Excerpts from a dataset
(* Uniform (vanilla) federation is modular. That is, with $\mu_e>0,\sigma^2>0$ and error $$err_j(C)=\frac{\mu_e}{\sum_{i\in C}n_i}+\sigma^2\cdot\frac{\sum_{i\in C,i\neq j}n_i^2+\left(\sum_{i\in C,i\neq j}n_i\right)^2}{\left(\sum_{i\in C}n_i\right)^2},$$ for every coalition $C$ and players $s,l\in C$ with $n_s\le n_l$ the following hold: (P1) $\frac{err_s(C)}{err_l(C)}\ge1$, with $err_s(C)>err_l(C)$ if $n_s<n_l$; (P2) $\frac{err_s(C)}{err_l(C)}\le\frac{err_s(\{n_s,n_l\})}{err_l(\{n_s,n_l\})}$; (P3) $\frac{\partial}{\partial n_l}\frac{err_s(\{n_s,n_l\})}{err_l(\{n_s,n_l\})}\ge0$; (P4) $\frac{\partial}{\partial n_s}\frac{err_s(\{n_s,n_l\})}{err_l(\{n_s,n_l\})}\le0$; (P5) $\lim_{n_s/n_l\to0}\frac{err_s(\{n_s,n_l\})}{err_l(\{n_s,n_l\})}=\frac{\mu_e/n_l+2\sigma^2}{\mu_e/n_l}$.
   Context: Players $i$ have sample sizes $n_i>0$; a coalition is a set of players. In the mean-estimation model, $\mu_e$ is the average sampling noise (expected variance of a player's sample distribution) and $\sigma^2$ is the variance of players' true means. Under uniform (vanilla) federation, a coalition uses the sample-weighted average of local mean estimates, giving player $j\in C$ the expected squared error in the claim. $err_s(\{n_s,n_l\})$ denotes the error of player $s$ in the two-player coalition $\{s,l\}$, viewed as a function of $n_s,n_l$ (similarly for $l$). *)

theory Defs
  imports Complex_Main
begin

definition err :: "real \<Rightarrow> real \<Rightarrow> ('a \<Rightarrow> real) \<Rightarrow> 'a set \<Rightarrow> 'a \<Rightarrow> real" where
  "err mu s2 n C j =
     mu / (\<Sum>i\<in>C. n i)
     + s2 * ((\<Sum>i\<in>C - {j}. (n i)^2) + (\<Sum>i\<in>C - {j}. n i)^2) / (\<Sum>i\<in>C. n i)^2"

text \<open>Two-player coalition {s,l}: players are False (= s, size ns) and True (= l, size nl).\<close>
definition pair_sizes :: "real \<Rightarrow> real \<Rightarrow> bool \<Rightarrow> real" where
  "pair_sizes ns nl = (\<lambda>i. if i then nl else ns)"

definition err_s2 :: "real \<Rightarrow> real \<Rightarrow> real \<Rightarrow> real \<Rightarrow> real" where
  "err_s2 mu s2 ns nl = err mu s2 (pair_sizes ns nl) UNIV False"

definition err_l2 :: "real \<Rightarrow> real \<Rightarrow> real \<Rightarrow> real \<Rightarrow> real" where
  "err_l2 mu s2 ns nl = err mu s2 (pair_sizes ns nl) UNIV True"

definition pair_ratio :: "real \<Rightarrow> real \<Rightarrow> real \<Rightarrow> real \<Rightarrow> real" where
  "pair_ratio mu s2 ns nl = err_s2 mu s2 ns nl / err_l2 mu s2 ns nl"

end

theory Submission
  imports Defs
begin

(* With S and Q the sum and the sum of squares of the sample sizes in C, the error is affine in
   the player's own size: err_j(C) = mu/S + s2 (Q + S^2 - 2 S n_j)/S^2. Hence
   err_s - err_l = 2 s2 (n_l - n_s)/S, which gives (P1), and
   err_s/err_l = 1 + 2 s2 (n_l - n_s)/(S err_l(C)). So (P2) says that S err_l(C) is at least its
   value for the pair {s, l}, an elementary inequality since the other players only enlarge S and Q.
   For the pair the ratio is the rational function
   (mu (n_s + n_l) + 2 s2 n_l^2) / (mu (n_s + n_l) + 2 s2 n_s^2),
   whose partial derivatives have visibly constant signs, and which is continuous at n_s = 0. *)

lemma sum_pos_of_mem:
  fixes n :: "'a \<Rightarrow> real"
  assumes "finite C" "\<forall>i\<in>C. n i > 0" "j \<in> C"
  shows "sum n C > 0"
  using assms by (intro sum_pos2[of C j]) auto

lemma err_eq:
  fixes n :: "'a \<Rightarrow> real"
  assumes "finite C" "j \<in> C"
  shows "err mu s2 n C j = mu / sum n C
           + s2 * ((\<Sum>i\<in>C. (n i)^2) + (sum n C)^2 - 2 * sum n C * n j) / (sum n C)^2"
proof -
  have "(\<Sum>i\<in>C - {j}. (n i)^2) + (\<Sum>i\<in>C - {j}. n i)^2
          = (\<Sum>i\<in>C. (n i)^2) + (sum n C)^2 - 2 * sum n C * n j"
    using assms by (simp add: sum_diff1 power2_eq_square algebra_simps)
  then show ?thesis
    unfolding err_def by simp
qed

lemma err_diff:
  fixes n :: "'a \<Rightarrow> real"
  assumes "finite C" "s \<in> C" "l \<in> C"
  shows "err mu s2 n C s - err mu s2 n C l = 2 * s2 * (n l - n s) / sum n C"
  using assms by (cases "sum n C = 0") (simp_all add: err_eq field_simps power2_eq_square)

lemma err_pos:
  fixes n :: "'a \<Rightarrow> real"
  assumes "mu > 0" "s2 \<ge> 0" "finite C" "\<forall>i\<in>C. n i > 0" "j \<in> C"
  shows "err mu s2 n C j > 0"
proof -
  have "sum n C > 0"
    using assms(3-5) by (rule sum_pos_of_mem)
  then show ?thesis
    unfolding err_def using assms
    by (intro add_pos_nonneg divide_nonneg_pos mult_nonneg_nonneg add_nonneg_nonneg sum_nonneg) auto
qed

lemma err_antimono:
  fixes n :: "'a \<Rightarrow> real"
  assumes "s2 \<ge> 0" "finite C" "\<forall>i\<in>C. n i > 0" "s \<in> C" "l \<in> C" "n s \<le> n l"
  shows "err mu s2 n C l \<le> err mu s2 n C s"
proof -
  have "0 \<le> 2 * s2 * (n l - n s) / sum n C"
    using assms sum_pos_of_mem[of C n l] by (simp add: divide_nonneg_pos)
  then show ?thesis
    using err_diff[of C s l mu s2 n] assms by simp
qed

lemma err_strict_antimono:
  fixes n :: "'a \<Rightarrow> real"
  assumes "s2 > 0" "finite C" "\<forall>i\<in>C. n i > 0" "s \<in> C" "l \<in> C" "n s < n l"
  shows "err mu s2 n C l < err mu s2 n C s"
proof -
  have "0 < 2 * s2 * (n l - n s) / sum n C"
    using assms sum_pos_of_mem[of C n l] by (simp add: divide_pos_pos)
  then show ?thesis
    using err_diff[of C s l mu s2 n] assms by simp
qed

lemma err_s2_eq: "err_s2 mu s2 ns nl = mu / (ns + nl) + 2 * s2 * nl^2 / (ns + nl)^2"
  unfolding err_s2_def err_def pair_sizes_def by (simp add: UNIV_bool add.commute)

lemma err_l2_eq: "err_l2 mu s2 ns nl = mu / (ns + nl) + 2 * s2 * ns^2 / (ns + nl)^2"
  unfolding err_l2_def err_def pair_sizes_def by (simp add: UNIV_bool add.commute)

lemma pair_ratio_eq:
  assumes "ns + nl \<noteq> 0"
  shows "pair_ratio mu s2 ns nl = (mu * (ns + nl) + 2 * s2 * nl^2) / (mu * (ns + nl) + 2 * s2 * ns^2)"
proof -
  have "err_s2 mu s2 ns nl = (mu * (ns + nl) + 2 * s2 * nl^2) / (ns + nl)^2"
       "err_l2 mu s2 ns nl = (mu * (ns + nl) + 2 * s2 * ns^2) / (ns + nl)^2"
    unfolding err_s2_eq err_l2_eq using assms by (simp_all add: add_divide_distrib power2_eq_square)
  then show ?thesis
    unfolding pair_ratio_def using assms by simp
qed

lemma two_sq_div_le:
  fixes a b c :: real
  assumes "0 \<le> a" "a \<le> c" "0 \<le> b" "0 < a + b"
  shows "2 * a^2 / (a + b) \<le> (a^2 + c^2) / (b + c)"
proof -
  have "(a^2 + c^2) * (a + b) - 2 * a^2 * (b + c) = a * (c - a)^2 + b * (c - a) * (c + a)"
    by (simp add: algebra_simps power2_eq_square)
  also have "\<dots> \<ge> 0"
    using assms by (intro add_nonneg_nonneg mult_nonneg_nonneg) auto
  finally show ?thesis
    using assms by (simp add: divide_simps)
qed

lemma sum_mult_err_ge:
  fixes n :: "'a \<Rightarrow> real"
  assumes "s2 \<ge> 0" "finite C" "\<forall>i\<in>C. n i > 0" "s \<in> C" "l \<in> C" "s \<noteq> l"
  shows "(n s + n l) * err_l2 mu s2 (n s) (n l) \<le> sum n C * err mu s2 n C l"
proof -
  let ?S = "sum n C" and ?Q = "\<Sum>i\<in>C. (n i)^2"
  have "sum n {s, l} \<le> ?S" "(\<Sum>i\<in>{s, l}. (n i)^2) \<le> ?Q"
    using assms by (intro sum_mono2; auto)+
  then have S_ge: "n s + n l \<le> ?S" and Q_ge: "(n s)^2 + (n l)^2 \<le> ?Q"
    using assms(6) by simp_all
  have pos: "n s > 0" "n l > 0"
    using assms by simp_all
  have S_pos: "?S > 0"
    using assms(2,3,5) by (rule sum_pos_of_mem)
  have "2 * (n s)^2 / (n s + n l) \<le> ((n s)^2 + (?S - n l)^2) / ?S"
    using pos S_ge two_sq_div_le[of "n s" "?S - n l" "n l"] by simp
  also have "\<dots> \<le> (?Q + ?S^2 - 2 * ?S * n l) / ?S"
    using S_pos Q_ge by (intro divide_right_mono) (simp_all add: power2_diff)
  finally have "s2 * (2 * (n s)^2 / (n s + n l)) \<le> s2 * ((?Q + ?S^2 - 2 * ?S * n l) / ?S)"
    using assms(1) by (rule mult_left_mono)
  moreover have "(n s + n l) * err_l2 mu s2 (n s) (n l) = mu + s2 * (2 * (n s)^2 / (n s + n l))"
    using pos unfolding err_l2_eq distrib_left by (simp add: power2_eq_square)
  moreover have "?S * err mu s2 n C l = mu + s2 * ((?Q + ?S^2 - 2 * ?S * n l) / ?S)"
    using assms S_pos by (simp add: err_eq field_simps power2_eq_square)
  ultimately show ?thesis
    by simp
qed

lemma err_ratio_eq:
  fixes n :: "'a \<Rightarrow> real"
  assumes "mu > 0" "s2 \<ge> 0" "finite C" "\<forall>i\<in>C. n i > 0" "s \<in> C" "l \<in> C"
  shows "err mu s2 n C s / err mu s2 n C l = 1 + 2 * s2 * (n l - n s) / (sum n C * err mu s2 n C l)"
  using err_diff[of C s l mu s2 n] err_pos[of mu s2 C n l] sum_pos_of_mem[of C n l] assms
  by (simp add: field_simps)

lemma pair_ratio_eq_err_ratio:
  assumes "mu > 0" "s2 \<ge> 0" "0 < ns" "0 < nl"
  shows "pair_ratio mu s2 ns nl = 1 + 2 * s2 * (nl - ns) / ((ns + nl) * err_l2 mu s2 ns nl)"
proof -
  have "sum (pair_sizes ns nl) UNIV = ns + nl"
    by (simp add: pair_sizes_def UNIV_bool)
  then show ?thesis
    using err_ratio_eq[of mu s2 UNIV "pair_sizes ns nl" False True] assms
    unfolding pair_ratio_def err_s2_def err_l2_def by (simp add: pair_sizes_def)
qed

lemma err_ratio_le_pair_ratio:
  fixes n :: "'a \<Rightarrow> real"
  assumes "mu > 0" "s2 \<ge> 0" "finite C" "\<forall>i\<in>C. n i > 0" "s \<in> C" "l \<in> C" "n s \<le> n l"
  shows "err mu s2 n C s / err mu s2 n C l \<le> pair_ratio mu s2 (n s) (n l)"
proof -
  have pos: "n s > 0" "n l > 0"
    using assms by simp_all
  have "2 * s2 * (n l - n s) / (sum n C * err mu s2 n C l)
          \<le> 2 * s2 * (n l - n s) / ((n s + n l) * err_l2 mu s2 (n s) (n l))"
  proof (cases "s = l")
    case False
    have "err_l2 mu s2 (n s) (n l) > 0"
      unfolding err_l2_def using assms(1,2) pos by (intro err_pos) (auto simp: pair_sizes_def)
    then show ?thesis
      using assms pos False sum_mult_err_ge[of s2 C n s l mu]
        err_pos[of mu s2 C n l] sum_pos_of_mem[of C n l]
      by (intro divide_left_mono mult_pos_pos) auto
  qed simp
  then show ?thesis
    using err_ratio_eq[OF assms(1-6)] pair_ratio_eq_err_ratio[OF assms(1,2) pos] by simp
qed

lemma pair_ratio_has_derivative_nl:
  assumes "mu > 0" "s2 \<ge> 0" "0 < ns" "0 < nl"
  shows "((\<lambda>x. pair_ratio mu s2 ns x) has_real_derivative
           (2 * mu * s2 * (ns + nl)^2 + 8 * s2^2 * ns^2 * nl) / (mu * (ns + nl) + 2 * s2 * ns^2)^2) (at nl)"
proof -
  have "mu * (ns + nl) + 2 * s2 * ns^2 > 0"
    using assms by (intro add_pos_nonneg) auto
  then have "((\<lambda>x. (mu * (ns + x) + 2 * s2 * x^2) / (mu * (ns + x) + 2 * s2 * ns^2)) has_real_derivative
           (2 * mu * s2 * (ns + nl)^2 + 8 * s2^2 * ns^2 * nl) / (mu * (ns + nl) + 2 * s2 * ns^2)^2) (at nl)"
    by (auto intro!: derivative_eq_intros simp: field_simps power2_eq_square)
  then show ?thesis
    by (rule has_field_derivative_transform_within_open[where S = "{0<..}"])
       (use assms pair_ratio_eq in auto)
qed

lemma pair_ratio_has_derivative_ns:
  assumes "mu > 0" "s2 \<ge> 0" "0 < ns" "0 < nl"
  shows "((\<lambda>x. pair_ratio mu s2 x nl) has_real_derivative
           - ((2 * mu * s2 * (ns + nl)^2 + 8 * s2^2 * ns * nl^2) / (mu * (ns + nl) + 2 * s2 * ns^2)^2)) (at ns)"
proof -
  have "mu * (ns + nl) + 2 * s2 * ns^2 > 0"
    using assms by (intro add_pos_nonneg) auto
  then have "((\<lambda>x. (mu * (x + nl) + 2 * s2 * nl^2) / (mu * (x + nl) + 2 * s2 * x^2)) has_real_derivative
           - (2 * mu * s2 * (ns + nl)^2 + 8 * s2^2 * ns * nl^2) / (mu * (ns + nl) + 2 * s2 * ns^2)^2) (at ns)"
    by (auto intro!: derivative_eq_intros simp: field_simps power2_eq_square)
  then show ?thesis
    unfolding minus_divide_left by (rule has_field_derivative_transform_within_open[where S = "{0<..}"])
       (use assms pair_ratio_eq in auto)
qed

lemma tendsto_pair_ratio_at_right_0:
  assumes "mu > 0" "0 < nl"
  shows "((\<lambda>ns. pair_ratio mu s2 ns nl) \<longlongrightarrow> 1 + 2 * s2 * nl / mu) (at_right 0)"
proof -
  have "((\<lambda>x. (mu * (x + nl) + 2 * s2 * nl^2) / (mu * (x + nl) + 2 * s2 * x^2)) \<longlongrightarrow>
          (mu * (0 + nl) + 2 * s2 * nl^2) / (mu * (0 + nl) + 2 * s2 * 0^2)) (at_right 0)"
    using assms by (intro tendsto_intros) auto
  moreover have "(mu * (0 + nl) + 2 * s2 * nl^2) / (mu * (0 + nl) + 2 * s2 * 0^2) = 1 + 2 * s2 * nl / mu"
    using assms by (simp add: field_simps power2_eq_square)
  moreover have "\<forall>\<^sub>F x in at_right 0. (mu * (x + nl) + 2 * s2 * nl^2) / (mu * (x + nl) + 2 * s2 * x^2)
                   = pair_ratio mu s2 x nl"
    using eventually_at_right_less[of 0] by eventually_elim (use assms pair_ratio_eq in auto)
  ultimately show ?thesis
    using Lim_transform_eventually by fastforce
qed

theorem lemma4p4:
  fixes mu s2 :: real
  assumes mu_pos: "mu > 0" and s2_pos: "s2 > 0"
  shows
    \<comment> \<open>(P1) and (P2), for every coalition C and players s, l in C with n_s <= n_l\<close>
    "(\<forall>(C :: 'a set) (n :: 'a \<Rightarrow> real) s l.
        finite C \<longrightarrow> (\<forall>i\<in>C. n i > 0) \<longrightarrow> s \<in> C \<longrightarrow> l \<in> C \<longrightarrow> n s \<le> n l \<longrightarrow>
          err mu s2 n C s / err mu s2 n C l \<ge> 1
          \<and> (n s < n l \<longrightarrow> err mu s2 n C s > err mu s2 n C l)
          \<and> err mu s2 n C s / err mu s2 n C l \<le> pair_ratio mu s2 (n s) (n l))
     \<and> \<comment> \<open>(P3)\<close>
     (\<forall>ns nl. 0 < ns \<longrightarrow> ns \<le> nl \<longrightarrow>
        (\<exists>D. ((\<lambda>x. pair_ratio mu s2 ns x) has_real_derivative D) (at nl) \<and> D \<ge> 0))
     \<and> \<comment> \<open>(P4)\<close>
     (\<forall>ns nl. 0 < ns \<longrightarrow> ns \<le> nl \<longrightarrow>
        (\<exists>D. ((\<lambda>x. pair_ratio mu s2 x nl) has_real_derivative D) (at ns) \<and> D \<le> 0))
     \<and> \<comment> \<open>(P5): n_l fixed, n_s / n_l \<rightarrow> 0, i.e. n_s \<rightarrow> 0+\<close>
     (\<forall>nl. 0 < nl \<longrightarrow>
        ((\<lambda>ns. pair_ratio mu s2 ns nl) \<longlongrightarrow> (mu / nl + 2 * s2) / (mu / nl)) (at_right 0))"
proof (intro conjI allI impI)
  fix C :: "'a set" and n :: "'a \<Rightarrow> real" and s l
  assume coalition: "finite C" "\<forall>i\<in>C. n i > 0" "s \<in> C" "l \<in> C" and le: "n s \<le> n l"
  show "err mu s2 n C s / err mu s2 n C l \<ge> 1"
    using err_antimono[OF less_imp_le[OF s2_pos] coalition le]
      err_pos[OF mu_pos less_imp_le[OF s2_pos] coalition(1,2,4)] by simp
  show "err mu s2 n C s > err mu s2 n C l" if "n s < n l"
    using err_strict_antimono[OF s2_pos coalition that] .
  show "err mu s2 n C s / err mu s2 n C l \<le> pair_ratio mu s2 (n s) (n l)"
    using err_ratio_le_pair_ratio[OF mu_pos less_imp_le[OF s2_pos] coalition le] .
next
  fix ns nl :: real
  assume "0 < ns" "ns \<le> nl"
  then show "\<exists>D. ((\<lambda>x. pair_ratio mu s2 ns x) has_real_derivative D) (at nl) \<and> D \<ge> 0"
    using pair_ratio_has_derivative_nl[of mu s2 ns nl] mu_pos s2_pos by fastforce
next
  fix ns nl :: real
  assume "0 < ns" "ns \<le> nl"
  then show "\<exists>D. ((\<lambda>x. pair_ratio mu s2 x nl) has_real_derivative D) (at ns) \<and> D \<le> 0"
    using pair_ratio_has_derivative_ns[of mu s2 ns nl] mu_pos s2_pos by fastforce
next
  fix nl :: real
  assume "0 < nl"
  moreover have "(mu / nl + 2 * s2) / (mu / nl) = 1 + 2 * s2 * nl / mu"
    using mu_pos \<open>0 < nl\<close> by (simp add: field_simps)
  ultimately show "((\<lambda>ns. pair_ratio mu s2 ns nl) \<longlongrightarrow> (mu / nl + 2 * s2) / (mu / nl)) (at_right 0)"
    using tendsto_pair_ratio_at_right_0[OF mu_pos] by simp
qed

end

REQUIRED WORK — Looking at the records above, return exactly the lines from the line with "using assms by (intro tendsto_intros)" to the line with "using assms by (simp add: field_simps", both ends included.

WRITTEN SOLUTION —
    using assms by (intro tendsto_intros) auto
  moreover have "(mu * (0 + nl) + 2 * s2 * nl^2) / (mu * (0 + nl) + 2 * s2 * 0^2) = 1 + 2 * s2 * nl / mu"
    using assms by (simp add: field_simps power2_eq_square)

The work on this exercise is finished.